*** DATASET Section Begins ***
context
  fixes A D Y X Z :: "real mat" and n k q N :: nat and \<rho> d y x \<alpha> \<eta> :: real
  assumes A: "A \<in> carrier_mat n n" and D: "D \<in> carrier_mat n n"
    and Y: "Y \<in> carrier_mat n k" and X: "X \<in> carrier_mat n q"
    and Z: "Z = A + D - Y * Y\<^sup>T"
    and \<rho>: "0 \<le> \<rho>" and op_A: "op_bound A (\<rho> / 2)" and op_Z: "op_bound Z (\<rho> / 2)"
    and op_D: "op_bound D d" and op_Y: "op_bound Y y" and op_X: "op_bound X x"
    and nonneg: "0 \<le> d" "0 \<le> y" "0 \<le> x"
    and rows_AX: "\<And>j. j \<le> N \<Longrightarrow> row_bound (A ^\<^sub>m j * X) (\<alpha> * \<rho> ^ j)"
    and rows_AY: "\<And>j. j \<le> N \<Longrightarrow> row_bound (A ^\<^sub>m j * Y) (\<eta> * \<rho> ^ j)"
    and small_D: "d * x \<le> \<alpha> * \<rho> / 4" and small_Y: "\<eta> * y * x \<le> \<alpha> * \<rho> / 4"
begin

(* The two correction terms in mult_pow_Suc_perturbed_eq cost at most alpha rho^(j+m+1) / 2^(m+1),
   which the factor 2 - 1/2^m absorbs. *)
lemma row_bound_mult_pow_perturbed:
  "j + m \<le> N \<Longrightarrow> row_bound (A ^\<^sub>m j * (Z ^\<^sub>m m * X)) (\<alpha> * \<rho> ^ (j + m) * (2 - 1 / 2 ^ m))"
proof (induction m arbitrary: j)
  case 0
  then show ?case using rows_AX[of j] A D X Y by (simp add: Z)
next
  case (Suc m)
  have Zc: "Z \<in> carrier_mat n n" using A D Y unfolding Z by auto
  define W where "W = Z ^\<^sub>m m * X"
  have W: "W \<in> carrier_mat n q" unfolding W_def using Zc X by auto
  have Aj: "A ^\<^sub>m j \<in> carrier_mat n n" using A by auto
  note split = mult_pow_Suc_perturbed_eq[OF A D Y X Z W_def, of j]
  define b1 where "b1 = \<alpha> * \<rho> ^ (Suc j + m) * (2 - 1 / 2 ^ m)"
  define b2 where "b2 = (\<rho> / 2) ^ j * (d * ((\<rho> / 2) ^ m * x))"
  define b3 where "b3 = \<eta> * \<rho> ^ j * (y * ((\<rho> / 2) ^ m * x))"
  have op_W: "op_bound W ((\<rho> / 2) ^ m * x)"
    unfolding W_def using Zc X op_Z op_X \<rho> by (intro op_bound_mult op_bound_pow) auto
  have "row_bound (A ^\<^sub>m Suc j * W) b1"
    unfolding b1_def W_def by (rule Suc.IH) (use Suc.prems in simp)
  moreover have "row_bound (A ^\<^sub>m j * (D * W)) b2"
    unfolding b2_def using Aj D W A op_A op_D op_W \<rho> nonneg
    by (intro row_bound_if_op_bound op_bound_mult op_bound_pow) auto
  moreover have "op_bound (Y\<^sup>T * W) (y * ((\<rho> / 2) ^ m * x))"
    using Y W op_Y op_W nonneg by (intro op_bound_mult op_bound_transpose) auto
  then have "row_bound ((A ^\<^sub>m j * Y) * (Y\<^sup>T * W)) b3"
    unfolding b3_def using rows_AY[of j] Suc.prems A Y W nonneg \<rho>
    by (intro row_bound_mult[of "A ^\<^sub>m j * Y"]) auto
  ultimately have "row_bound (A ^\<^sub>m j * (Z ^\<^sub>m Suc m * X)) (b1 + b2 + b3)"
    unfolding split using A D Y W Aj
    by (intro row_bound_diff row_bound_add) (auto simp del: pow_mat.simps)
  moreover have "b1 + b2 + b3 \<le> \<alpha> * \<rho> ^ (j + Suc m) * (2 - 1 / 2 ^ Suc m)"
    unfolding b1_def b2_def b3_def using \<rho> nonneg small_D small_Y by (intro perturbation_step_le) auto
  ultimately show ?case by (rule row_bound_mono)
qed
lemma obtain_lowest_weight_key:
  fixes x :: "('n::finite, 'k::{comm_semiring_1, semiring_1_no_zero_divisors}) mpoly"
  assumes "x \<noteq> 0"
  obtains a where "a \<in> Poly_Mapping.keys x" "\<forall>b\<in>Poly_Mapping.keys x. weight w a \<le> weight w b"
    and "\<And>m. (\<Sum>_<m. a) \<in> Poly_Mapping.keys (x ^ m)"
proof -
  obtain h :: "'n \<Rightarrow> nat" where h: "inj h"
    using finite_imp_inj_to_nat_seg[of "UNIV :: 'n set"] by auto
  let ?\<phi> = "weight_embedding w h"
  have keys: "finite (?\<phi> ` Poly_Mapping.keys x)" "?\<phi> ` Poly_Mapping.keys x \<noteq> {}"
    using assms by auto
  obtain a where a: "a \<in> Poly_Mapping.keys x" "?\<phi> a = Min (?\<phi> ` Poly_Mapping.keys x)"
    using Min_in[OF keys] by auto
  have a_min: "\<forall>b\<in>Poly_Mapping.keys x. ?\<phi> a \<le> ?\<phi> b"
    using a(2) keys(1) by simp
  have "(\<Sum>_<m. a) \<in> Poly_Mapping.keys (x ^ m)" for m
    using lookup_power_minimal[OF inj_weight_embedding[OF h] weight_embedding_add a_min, of m] a(1)
    by (simp add: in_keys_iff)
  moreover have "\<forall>b\<in>Poly_Mapping.keys x. weight w a \<le> weight w b"
    using a_min weight_embedding_le_imp_weight_le by blast
  ultimately show ?thesis
    using a(1) that by blast
qed

section \<open>Weight ideals\<close>

definition weight_ideal :: "('n::finite \<Rightarrow> nat) \<Rightarrow> nat \<Rightarrow> ('n, 'k::comm_ring_1) mpoly set" where
  "weight_ideal w t = {f. \<forall>a\<in>Poly_Mapping.keys f. t \<le> weight w a}"

lemma weight_ideal_0 [simp]: "weight_ideal w 0 = UNIV"
  by (simp add: weight_ideal_def)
*** DATASET Section Ends ***
=== PROBLEM DETAILS ===
Where a line of the listing contains "rule", count it; your answer must be only the resulting number.

=== EXERCISE ANSWER ===
2